Regressive Listening The illusion of freedom: Alternative music. Notice Adorno’s remarks (top of page 540) about the “wire fences” between different kinds of music, and the remarks from the bottom of 544 to 546 about individuals trying to break free from the system and establish an individual taste. Adorno’s point: there is a commercial slot waiting for every “individualist”. Vocabulary tip: “reified” = “made into an object”

Advertising as terror Why does Adorno describe advertising as terror? Do you think he is right? How does the advertising system work to promote music? Does it shape musical taste?

Thinking about Adorno How much truth is there in Adorno’s analysis of popular music? How does the commercial music and entertainment system work? How did you acquire the musical tastes you have? How much musical training do you have?
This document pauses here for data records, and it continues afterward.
(* If $L \subseteq a^*$ is a unary language, then $\mathbb{OGI}^*(L) = 2\mathbb{OC}^*(L)$.
   Context: Outfix-guided insertion: $x \leftarrow y = \{ x_1 u z v x_2 \mid x = x_1 u v x_2,\ y = u z v,\ u \neq \varepsilon,\ v \neq \varepsilon \}$, extended to languages by union over all pairs. $\mathbb{OGI}^{(0)}(L) = L$, $\mathbb{OGI}^{(i+1)}(L) = \mathbb{OGI}^{(i)}(L) \leftarrow \mathbb{OGI}^{(i)}(L)$, $\mathbb{OGI}^*(L) = \bigcup_{i\ge 0}\mathbb{OGI}^{(i)}(L)$. The 2-overlap catenation of strings is $x \,\overline{\odot}^2\, y = \{ uvw \mid x = uv,\ y = vw,\ u,w \in \Sigma^*,\ |v| \geq 2 \}$, extended to languages by union over all pairs. $2\mathbb{OC}^{(0)}(L) = L$, $2\mathbb{OC}^{(i+1)}(L) = 2\mathbb{OC}^{(i)}(L) \,\overline{\odot}^2\, 2\mathbb{OC}^{(i)}(L)$, and $2\mathbb{OC}^*(L) = \bigcup_{i \geq 0} 2\mathbb{OC}^{(i)}(L)$. *)

theory Defs
  imports Main
begin

definition ogi_str :: "'a list \<Rightarrow> 'a list \<Rightarrow> 'a list set" where
  "ogi_str x y = {x1 @ u @ z @ v @ x2 | x1 u z v x2.
      x = x1 @ u @ v @ x2 \<and> y = u @ z @ v \<and> u \<noteq> [] \<and> v \<noteq> []}"

definition ogi_lang :: "'a list set \<Rightarrow> 'a list set \<Rightarrow> 'a list set" where
  "ogi_lang A B = (\<Union>x\<in>A. \<Union>y\<in>B. ogi_str x y)"

fun OGI_iter :: "nat \<Rightarrow> 'a list set \<Rightarrow> 'a list set" where
  "OGI_iter 0 L = L"
| "OGI_iter (Suc i) L = ogi_lang (OGI_iter i L) (OGI_iter i L)"

definition OGI_star :: "'a list set \<Rightarrow> 'a list set" where
  "OGI_star L = (\<Union>i. OGI_iter i L)"

definition oc2_str :: "'a list \<Rightarrow> 'a list \<Rightarrow> 'a list set" where
  "oc2_str x y = {u @ v @ w | u v w. x = u @ v \<and> y = v @ w \<and> length v \<ge> 2}"

definition oc2_lang :: "'a list set \<Rightarrow> 'a list set \<Rightarrow> 'a list set" where
  "oc2_lang A B = (\<Union>x\<in>A. \<Union>y\<in>B. oc2_str x y)"

fun OC2_iter :: "nat \<Rightarrow> 'a list set \<Rightarrow> 'a list set" where
  "OC2_iter 0 L = L"
| "OC2_iter (Suc i) L = oc2_lang (OC2_iter i L) (OC2_iter i L)"

definition OC2_star :: "'a list set \<Rightarrow> 'a list set" where
  "OC2_star L = (\<Union>i. OC2_iter i L)"

end

theory Submission
  imports Defs
begin

text \<open>Over a one-letter alphabet a word is determined by its length, and both operations
  glue two words along an overlap of length at least 2 (for the outfix-guided insertion the
  overlap is u v, which has length at least 2 since u and v are nonempty). So on unary words
  both operations produce exactly the words of length |x| + |y| - t with 2 \<le> t \<le> min |x| |y|,
  and by induction the two iterations coincide level by level.\<close>

lemma unary_eq_replicate: "xs \<in> lists {a} \<Longrightarrow> xs = replicate (length xs) a"
  by (simp add: in_lists_conv_set replicate_length_same)

lemma replicate_in_lists: "replicate n a \<in> lists {a}"
  by (simp add: in_lists_conv_set)

lemma unary_eqI:
  assumes "xs \<in> lists {a}" "ys \<in> lists {a}" "length xs = length ys"
  shows "xs = ys"
  using assms unary_eq_replicate by metis

definition unary_overlaps :: "'a \<Rightarrow> 'a list \<Rightarrow> 'a list \<Rightarrow> 'a list set" where
  "unary_overlaps a x y = {w \<in> lists {a}. \<exists>t. 2 \<le> t \<and> t \<le> length x \<and> t \<le> length y
      \<and> length w = length x + length y - t}"

lemma ogi_str_unary:
  assumes x: "x \<in> lists {a}" and y: "y \<in> lists {a}"
  shows "ogi_str x y = unary_overlaps a x y"
proof (intro set_eqI iffI)
  fix w assume "w \<in> ogi_str x y"
  then obtain x1 u z v x2 where w: "w = x1 @ u @ z @ v @ x2"
    and xy: "x = x1 @ u @ v @ x2" "y = u @ z @ v" and "u \<noteq> []" "v \<noteq> []"
    unfolding ogi_str_def by blast
  then have "2 \<le> length u + length v" by (cases u; cases v) auto
  with x y w xy show "w \<in> unary_overlaps a x y"
    unfolding unary_overlaps_def by (intro CollectI conjI exI[of _ "length u + length v"]) auto
next
  fix w assume "w \<in> unary_overlaps a x y"
  then obtain t where w: "w \<in> lists {a}" and t: "2 \<le> t" "t \<le> length x" "t \<le> length y"
    "length w = length x + length y - t"
    unfolding unary_overlaps_def by blast
  define v where "v = replicate (t - 1) a"
  define z where "z = replicate (length y - t) a"
  define x2 where "x2 = replicate (length x - t) a"
  have "x = [] @ [a] @ v @ x2"
    by (rule unary_eqI[OF x]) (use t in \<open>auto simp: v_def x2_def replicate_in_lists\<close>)
  moreover have "y = [a] @ z @ v"
    by (rule unary_eqI[OF y]) (use t in \<open>auto simp: v_def z_def replicate_in_lists\<close>)
  moreover have "w = [] @ [a] @ z @ v @ x2"
    by (rule unary_eqI[OF w]) (use t in \<open>auto simp: v_def z_def x2_def replicate_in_lists\<close>)
  moreover have "v \<noteq> []" using t by (simp add: v_def)
  ultimately show "w \<in> ogi_str x y"
    unfolding ogi_str_def by blast
qed

lemma oc2_str_unary:
  assumes x: "x \<in> lists {a}" and y: "y \<in> lists {a}"
  shows "oc2_str x y = unary_overlaps a x y"
proof (intro set_eqI iffI)
  fix w assume "w \<in> oc2_str x y"
  then obtain u v z where "w = u @ v @ z" "x = u @ v" "y = v @ z" "2 \<le> length v"
    unfolding oc2_str_def by blast
  with x y show "w \<in> unary_overlaps a x y"
    unfolding unary_overlaps_def by (intro CollectI conjI exI[of _ "length v"]) auto
next
  fix w assume "w \<in> unary_overlaps a x y"
  then obtain t where w: "w \<in> lists {a}" and t: "2 \<le> t" "t \<le> length x" "t \<le> length y"
    "length w = length x + length y - t"
    unfolding unary_overlaps_def by blast
  define u where "u = replicate (length x - t) a"
  define v where "v = replicate t a"
  define z where "z = replicate (length y - t) a"
  have "x = u @ v"
    by (rule unary_eqI[OF x]) (use t in \<open>auto simp: u_def v_def replicate_in_lists\<close>)
  moreover have "y = v @ z"
    by (rule unary_eqI[OF y]) (use t in \<open>auto simp: v_def z_def replicate_in_lists\<close>)
  moreover have "w = u @ v @ z"
    by (rule unary_eqI[OF w]) (use t in \<open>auto simp: u_def v_def z_def replicate_in_lists\<close>)
  moreover have "2 \<le> length v" using t by (simp add: v_def)
  ultimately show "w \<in> oc2_str x y"
    unfolding oc2_str_def by blast
qed

lemma ogi_lang_eq_oc2_lang_unary:
  assumes "A \<subseteq> lists {a}" "B \<subseteq> lists {a}"
  shows "ogi_lang A B = oc2_lang A B"
  unfolding ogi_lang_def oc2_lang_def
  using assms by (intro SUP_cong refl) (metis subsetD ogi_str_unary oc2_str_unary)

lemma oc2_lang_unary:
  assumes "A \<subseteq> lists {a}" "B \<subseteq> lists {a}"
  shows "oc2_lang A B \<subseteq> lists {a}"
  unfolding oc2_lang_def
proof (intro UN_least)
  fix x y assume "x \<in> A" "y \<in> B"
  with assms have "oc2_str x y = unary_overlaps a x y" by (intro oc2_str_unary) auto
  then show "oc2_str x y \<subseteq> lists {a}" by (simp add: unary_overlaps_def)
qed

lemma OGI_iter_eq_OC2_iter_unary:
  assumes "L \<subseteq> lists {a}"
  shows "OGI_iter i L = OC2_iter i L \<and> OC2_iter i L \<subseteq> lists {a}"
proof (induction i)
  case 0
  with assms show ?case by simp
next
  case (Suc i)
  then have "OGI_iter i L = OC2_iter i L" "OC2_iter i L \<subseteq> lists {a}" by auto
  then show ?case by (simp add: ogi_lang_eq_oc2_lang_unary oc2_lang_unary)
qed

theorem corollary4p9:
  fixes a :: 'a and L :: "'a list set"
  assumes "L \<subseteq> lists {a}"
  shows "OGI_star L = OC2_star L"
  unfolding OGI_star_def OC2_star_def
  using OGI_iter_eq_OC2_iter_unary[OF assms] by simp

end
(* Let $n,k,d$ be integers with $1\le k\le d<n$, let $\alpha>0$, and for each integer $M\ge0$ put $n_M=n+M$, $k_M=k+M$, $d_M=d+M$, $\gamma_{MSR}=\frac{d_M\alpha}{d_M-k_M+1}$ and $\gamma_{MBR}=\alpha$. Let $s\in[0,1]$ be fixed. Then $$\lim_{M\to\infty}\frac{C^{\mathrm{exact}}_{n_M,k_M,d_M}\big(\alpha,\,s\gamma_{MSR}+(1-s)\gamma_{MBR}\big)}{C_{k_M,d_M}\big(\alpha,\,s\gamma_{MSR}+(1-s)\gamma_{MBR}\big)}=1.$$
   Context: A distributed storage system (DSS) with parameters $(n,k,d)$ stores a file across $n$ nodes, each storing an amount $\alpha$ of information (e.g. $\alpha$ symbols over a finite field, where symbols may be split into arbitrarily many sub-symbols), such that the file can be reconstructed from the contents of any $k$ nodes, and any lost node can be repaired by contacting any $d$ of the remaining nodes, each of which transmits an amount $\beta$ to the replacement node, for a total repair bandwidth $\gamma=d\beta$. Repair is exact: the replacement node stores exactly the same content as the lost node. $C^{\mathrm{exact}}_{n,k,d}(\alpha,\gamma)$ denotes the maximum size of a file that can be stored by such an exact-repair DSS with $n$ nodes, node size $\alpha$ and total repair bandwidth $\gamma$. Also $C_{k,d}(\alpha,\gamma)=\sum_{j=0}^{k-1}\min\{\alpha,\frac{d-j}{d}\gamma\}$ (the functional-repair capacity). *)

theory Defs
  imports Complex_Main
begin

text \<open>Nodes are 0..n-1. The file is an element
 x of {0..<F}; node i stores f i x, an element of {0..<A}. When node j is lost and the helper
 set H (d nodes other than j) is contacted, helper i sends g i j H w (an element of {0..<B})
 computed from its own content w only.\<close>

definition exact_repair_code ::
  "nat \<Rightarrow> nat \<Rightarrow> nat \<Rightarrow> nat \<Rightarrow> nat \<Rightarrow> nat \<Rightarrow>
   (nat \<Rightarrow> nat \<Rightarrow> nat) \<Rightarrow> (nat \<Rightarrow> nat \<Rightarrow> nat set \<Rightarrow> nat \<Rightarrow> nat) \<Rightarrow> bool" where
  "exact_repair_code n k d F A B f g \<longleftrightarrow>
     (\<forall>i<n. \<forall>x<F. f i x < A) \<and>
     (\<forall>i<n. \<forall>j<n. \<forall>H. \<forall>w<A. g i j H w < B) \<and>
     (\<forall>K. K \<subseteq> {..<n} \<and> card K = k \<longrightarrow>
        (\<forall>x<F. \<forall>y<F. (\<forall>i\<in>K. f i x = f i y) \<longrightarrow> x = y)) \<and>
     (\<forall>j<n. \<forall>H. H \<subseteq> {..<n} - {j} \<and> card H = d \<longrightarrow>
        (\<forall>x<F. \<forall>y<F. (\<forall>i\<in>H. g i j H (f i x) = g i j H (f i y)) \<longrightarrow> f j x = f j y))"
Thinking about Adorno Is popular music simple-minded? Is classical music (as played by orchestras and on the radio) just as commercial as popular music, as Adorno claims? Does commercialism tend to swallow up musical originality, substitute simple-minded formulas, and keep the audience simple-minded?

Thinking about Adorno Can you think of some ways that Adorno is wrong? In particular, can you think of examples of genuine originality in popular music? What about musical taste? Are you growing in your ability to hear and appreciate different kinds of music? Do you hear more than you used to? What about your musical expression? Do you sing? Dance? Are you a better musician than you used to be?